### PROBLEM DESCRIPTION
Set down exactly the lines in the records below that run from the line with "text \<open>SSYM(G_H): bijections" to the line with "(('a \<Rightarrow> 'a)", inclusive, and nothing more.

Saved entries
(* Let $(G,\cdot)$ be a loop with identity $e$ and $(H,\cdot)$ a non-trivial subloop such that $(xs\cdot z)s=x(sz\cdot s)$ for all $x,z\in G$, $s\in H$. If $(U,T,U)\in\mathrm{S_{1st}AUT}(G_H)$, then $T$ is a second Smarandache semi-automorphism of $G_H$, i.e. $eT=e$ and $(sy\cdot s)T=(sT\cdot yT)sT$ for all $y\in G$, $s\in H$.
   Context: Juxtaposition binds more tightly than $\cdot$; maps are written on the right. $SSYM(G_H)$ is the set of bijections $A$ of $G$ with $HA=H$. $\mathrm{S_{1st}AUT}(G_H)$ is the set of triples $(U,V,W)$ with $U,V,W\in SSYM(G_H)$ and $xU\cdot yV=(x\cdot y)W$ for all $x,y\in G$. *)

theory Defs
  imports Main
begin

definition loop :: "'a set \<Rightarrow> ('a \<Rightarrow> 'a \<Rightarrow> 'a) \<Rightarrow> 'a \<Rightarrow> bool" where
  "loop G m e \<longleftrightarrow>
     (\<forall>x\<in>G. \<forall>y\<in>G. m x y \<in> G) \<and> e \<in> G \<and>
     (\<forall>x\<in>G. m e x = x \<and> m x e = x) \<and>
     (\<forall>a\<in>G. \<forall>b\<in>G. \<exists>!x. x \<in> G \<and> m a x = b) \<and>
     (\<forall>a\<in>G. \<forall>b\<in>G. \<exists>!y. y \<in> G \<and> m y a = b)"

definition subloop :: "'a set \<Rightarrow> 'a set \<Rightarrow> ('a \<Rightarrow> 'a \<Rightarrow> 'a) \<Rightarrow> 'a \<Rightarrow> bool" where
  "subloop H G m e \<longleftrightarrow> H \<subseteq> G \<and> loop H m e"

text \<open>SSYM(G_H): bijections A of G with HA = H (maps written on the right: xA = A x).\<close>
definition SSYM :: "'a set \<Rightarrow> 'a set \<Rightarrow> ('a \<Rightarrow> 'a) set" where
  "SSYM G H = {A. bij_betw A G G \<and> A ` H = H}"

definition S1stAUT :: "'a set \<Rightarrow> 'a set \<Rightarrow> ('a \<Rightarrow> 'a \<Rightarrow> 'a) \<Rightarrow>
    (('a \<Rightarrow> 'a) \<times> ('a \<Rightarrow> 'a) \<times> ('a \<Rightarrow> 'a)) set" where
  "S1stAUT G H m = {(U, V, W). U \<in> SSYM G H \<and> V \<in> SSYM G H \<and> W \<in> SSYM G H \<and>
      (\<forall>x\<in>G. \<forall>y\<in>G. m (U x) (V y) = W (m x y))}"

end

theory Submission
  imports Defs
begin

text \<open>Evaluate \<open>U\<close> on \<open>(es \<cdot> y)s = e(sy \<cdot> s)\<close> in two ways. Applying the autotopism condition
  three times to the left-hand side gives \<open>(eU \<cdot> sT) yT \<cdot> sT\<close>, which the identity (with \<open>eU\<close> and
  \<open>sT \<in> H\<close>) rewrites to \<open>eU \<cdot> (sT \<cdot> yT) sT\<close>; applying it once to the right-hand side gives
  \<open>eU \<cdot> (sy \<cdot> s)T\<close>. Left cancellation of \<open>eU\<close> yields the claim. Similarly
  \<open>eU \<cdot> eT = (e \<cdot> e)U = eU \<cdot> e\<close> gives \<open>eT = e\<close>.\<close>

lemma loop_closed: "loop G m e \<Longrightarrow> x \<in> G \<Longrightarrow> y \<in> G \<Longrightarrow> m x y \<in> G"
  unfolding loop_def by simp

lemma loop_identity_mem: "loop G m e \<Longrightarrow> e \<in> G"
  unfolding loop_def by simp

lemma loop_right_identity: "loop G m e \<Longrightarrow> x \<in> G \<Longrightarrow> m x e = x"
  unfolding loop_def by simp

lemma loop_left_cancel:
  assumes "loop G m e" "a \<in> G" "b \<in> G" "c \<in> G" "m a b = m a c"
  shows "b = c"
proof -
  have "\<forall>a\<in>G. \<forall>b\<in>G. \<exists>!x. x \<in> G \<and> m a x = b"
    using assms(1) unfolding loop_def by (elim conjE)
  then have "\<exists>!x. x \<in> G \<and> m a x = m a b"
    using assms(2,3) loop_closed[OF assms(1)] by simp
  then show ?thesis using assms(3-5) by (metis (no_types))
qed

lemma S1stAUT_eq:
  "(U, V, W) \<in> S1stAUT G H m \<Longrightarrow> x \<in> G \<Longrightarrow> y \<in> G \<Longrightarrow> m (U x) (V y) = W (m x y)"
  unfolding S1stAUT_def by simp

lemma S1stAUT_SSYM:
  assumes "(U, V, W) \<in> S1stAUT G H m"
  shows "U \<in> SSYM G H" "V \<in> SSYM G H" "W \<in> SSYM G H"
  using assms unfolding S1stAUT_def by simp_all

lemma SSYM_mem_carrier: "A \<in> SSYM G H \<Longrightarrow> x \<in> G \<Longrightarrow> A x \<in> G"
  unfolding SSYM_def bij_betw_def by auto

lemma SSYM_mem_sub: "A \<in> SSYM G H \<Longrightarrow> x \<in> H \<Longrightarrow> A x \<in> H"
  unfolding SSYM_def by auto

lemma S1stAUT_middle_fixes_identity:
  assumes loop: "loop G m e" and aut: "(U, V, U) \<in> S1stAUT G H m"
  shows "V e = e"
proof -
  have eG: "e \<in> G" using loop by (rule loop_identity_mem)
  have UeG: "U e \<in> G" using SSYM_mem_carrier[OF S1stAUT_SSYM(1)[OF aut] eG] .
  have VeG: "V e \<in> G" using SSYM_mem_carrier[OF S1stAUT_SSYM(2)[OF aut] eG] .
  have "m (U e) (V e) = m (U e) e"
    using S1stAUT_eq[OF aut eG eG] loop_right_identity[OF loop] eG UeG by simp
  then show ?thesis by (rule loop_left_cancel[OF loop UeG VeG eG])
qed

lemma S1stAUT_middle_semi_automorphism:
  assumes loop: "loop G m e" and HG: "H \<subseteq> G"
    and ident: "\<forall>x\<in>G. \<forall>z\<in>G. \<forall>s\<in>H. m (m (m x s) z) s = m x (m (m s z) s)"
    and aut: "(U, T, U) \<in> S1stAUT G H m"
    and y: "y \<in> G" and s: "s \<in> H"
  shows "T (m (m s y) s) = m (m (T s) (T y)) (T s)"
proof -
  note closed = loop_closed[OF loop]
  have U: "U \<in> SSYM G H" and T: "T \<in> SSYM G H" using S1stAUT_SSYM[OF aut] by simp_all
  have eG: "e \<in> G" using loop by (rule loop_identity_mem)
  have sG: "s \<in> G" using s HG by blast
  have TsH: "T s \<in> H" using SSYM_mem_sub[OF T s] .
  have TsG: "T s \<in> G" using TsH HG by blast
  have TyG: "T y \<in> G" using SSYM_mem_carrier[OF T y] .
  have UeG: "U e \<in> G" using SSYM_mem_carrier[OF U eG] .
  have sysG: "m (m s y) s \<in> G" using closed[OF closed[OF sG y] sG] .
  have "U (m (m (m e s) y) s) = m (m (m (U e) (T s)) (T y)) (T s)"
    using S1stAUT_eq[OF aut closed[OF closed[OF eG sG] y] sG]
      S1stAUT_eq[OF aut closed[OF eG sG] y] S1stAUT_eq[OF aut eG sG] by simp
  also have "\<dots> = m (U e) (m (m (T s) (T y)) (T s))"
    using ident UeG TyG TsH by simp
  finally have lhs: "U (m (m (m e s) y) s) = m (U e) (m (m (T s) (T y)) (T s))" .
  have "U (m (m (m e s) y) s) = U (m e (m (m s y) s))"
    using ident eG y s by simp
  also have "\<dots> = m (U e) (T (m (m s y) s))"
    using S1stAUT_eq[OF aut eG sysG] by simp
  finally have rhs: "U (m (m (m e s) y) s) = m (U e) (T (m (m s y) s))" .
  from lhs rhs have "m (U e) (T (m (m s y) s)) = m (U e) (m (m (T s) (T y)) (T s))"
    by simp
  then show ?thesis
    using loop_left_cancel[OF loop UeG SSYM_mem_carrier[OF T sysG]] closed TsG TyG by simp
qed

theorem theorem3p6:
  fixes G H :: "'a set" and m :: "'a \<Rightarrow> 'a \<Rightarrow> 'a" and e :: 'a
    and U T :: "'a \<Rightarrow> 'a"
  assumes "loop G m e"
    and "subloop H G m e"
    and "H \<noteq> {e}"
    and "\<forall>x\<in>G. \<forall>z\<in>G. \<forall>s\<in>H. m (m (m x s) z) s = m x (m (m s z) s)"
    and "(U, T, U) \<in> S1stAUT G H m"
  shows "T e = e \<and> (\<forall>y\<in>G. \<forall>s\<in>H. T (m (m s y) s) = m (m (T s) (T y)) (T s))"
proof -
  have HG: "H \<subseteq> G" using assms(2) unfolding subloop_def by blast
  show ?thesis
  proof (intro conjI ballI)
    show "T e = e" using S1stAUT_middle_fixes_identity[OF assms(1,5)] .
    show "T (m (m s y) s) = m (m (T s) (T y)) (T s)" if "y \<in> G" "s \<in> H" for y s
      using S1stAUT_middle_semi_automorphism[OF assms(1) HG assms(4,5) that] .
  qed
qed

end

### OUTPUT FOR THIS TASK
text \<open>SSYM(G_H): bijections A of G with HA = H (maps written on the right: xA = A x).\<close>
definition SSYM :: "'a set \<Rightarrow> 'a set \<Rightarrow> ('a \<Rightarrow> 'a) set" where
  "SSYM G H = {A. bij_betw A G G \<and> A ` H = H}"

definition S1stAUT :: "'a set \<Rightarrow> 'a set \<Rightarrow> ('a \<Rightarrow> 'a \<Rightarrow> 'a) \<Rightarrow>
    (('a \<Rightarrow> 'a) \<times> ('a \<Rightarrow> 'a) \<times> ('a \<Rightarrow> 'a)) set" where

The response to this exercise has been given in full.